Karin Altenberg
Novelist, Translator
Karin Altenberg was born in Sweden and moved to the UK in 1996. She is a novelist and occasional translator who lives between Sweden and Britain and within two languages.
Her first novel, Island of Wings (Quercus, 2011), in which a missionary and his young wife struggle for love and existence on the remote island of St Kilda in the early nineteenth century, was nominated for the Orange prize, the Saltire award and the Scottish Mortgage Investment Trust book award; her second, Breaking Light (Quercus, 2014), is another story about unity and fracture set in a wild, threatening landscape. Both books were also published in the US.
After translating a novel for children she realised that this is probably best left to the professionals, yet she can’t quite stop herself. She has judged the Bernard Shaw prize for translation.
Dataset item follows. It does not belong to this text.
(* Let $(\dot E,\Lambda)$ be a B-hypergraph. Then $(\mathrm{AT}(\dot E,\Lambda),\le)$ is a lattice: $\le$ is a partial order and any two admissible triples have a supremum and an infimum.
   Context: A graph $E=(E^0,E^1,r,s)$. A bi-separated graph with distinguished subsets is $\dot E=(E,(C,S),(D,T))$: $C=\bigsqcup_v C_v$ with $C_v$ a partition of $s^{-1}(v)$ into nonempty sets for each non-sink $v$; $D=\bigsqcup_v D_v$ with $D_v$ a partition of $r^{-1}(v)$ for each non-source $v$; $|X\cap Y|\le 1$ for $X\in C$, $Y\in D$; $C_{\rm fin},D_{\rm fin}$ the finite members, $S\subseteq C_{\rm fin}$, $T\subseteq D_{\rm fin}$. For $X\in C$, $s(X)$ is the common source of its edges; for $Y\in D$, $r(Y)$ the common range. A B-hypergraph is a pair $(\dot E,\Lambda)$ with $\Lambda$ a nonempty set and, for each $\lambda\in\Lambda$, subsets $\mathcal X_\lambda\subseteq C$, $\mathcal Y_\lambda\subseteq D$, such that: (i) $X\notin S$, $Y\notin T$ implies $X\cap Y=\emptyset$; (ii) $\alpha\ne\beta$, $X\in\mathcal X_\alpha$, $Y\in\mathcal Y_\beta$ implies $X\cap Y=\emptyset$; (iii) $X\in\mathcal X_\lambda$, $Y\in\mathcal Y_\lambda$ implies $X\cap Y\ne\emptyset$; (iv) $\Lambda=\Lambda_T^S\sqcup\Lambda^S_{\rm fin}\sqcup\Lambda^S_\infty\sqcup\Lambda_T^{\rm fin}\sqcup\Lambda_T^\infty$ such that, with $\Lambda^S=\Lambda_T^S\sqcup\Lambda^S_{\rm fin}\sqcup\Lambda^S_\infty$ and $\Lambda_T=\Lambda_T^S\sqcup\Lambda_T^{\rm fin}\sqcup\Lambda_T^\infty$: $S=\bigsqcup_{\lambda\in\Lambda^S}\mathcal X_\lambda$, $T=\bigsqcup_{\lambda\in\Lambda_T}\mathcal Y_\lambda$, $C_{\rm fin}\setminus S=\bigsqcup_{\lambda\in\Lambda_T^{\rm fin}}\mathcal X_\lambda$, $D_{\rm fin}\setminus T=\bigsqcup_{\lambda\in\Lambda^S_{\rm fin}}\mathcal Y_\lambda$, $C\setminus C_{\rm fin}=\bigsqcup_{\lambda\in\Lambda_T^\infty}\mathcal X_\lambda$, $D\setminus D_{\rm fin}=\bigsqcup_{\lambda\in\Lambda^S_\infty}\mathcal Y_\lambda$. For $\lambda\in\Lambda$, $s(\lambda)=\{s(X):X\in\mathcal X_\lambda\}$, $r(\lambda)=\{r(Y):Y\in\mathcal Y_\lambda\}$. A subset $V\subseteq E^0$ is bisaturated if for every $\lambda\in\Lambda_T^S$: $s(\lambda)\subseteq V\iff r(\lambda)\subseteq V$. For bisaturated $V$ and $\lambda\in\Lambda$, let $\mathcal X_{\lambda/V}=\{X\in\mathcal X_\lambda: s(X)\notin V\}$, $\mathcal Y_{\lambda/V}=\{Y\in\mathcal Y_\lambda: r(Y)\notin V\}$, and define $\Lambda_T^S/V=\{\lambda\in\Lambda_T^S: \mathcal X_{\lambda/V}\ne\emptyset\}$, $\Lambda^S_{\rm fin}/V=\{\lambda\in\Lambda^S_{\rm fin}:\mathcal X_{\lambda/V}\ne\emptyset\}$, $\Lambda^S_\infty/V=\{\lambda\in\Lambda^S_\infty: 0<|\mathcal X_{\lambda/V}|<\infty\}$, $\Lambda_T^{\rm fin}/V=\{\lambda\in\Lambda_T^{\rm fin}:\mathcal Y_{\lambda/V}\ne\emptyset\}$, $\Lambda_T^\infty/V=\{\lambda\in\Lambda_T^\infty:0<|\mathcal Y_{\lambda/V}|<\infty\}$, $\Lambda/V$ their union, $\Lambda^S(V)=\Lambda^S\setminus\Lambda/V$, $\Lambda_T(V)=\Lambda_T\setminus\Lambda/V$. An admissible triple is $(V,\Sigma,\Theta)$ with $V$ bisaturated, $\Sigma\subseteq\Lambda^S_{\rm fin}/V\sqcup\Lambda^S_\infty/V$, $\Theta\subseteq\Lambda_T^{\rm fin}/V\sqcup\Lambda_T^\infty/V$; $\mathrm{AT}(\dot E,\Lambda)$ is the set of them. Define $(V_1,\Sigma_1,\Theta_1)\le(V_2,\Sigma_2,\Theta_2)$ iff $V_1\subseteq V_2$, $\Sigma_1\subseteq\Sigma_2\sqcup\Lambda^S(V_2)$ and $\Theta_1\subseteq\Theta_2\sqcup\Lambda_T(V_2)$. *)

theory Defs
  imports "HOL-Algebra.Lattice" "HOL-Library.Disjoint_Sets"
begin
She has a PhD in archaeology from the University of Reading and her background as a landscape archaeologist has influenced her writing, with landscape always playing a central part in her novels about people on the edges of the world. She has also worked in the fields of cultural relations and arts and heritage management, and these different professional backgrounds have helped to keep her thinking and writing in two languages.
She has received fellowships to writers’ residencies in Italy, reviews regularly for the Wall Street Journal and also writes for the Guardian, the Irish Times and Slightly Foxed.
For her next novel, she is exploring the river-ways across the US from the Mississippi to the Pacific.
Originally from Sweden, Karin is a novelist, critic and translator. She holds a PhD in Archaeology and her experience as a novelist and academic writer – and of living within two languages – influenced her work as a RLF Fellow at Brunel University, particularly in understanding the writing development of students with more than one language. Karin joined the Bridge in 2019 and recognises that supporting students in becoming more confident writers is a way to enhance their experience of life after school. Karin is the Bridge coordinator for England and, together with her colleagues, she hopes to encourage more schools and students to benefit from the opportunities brought by the project.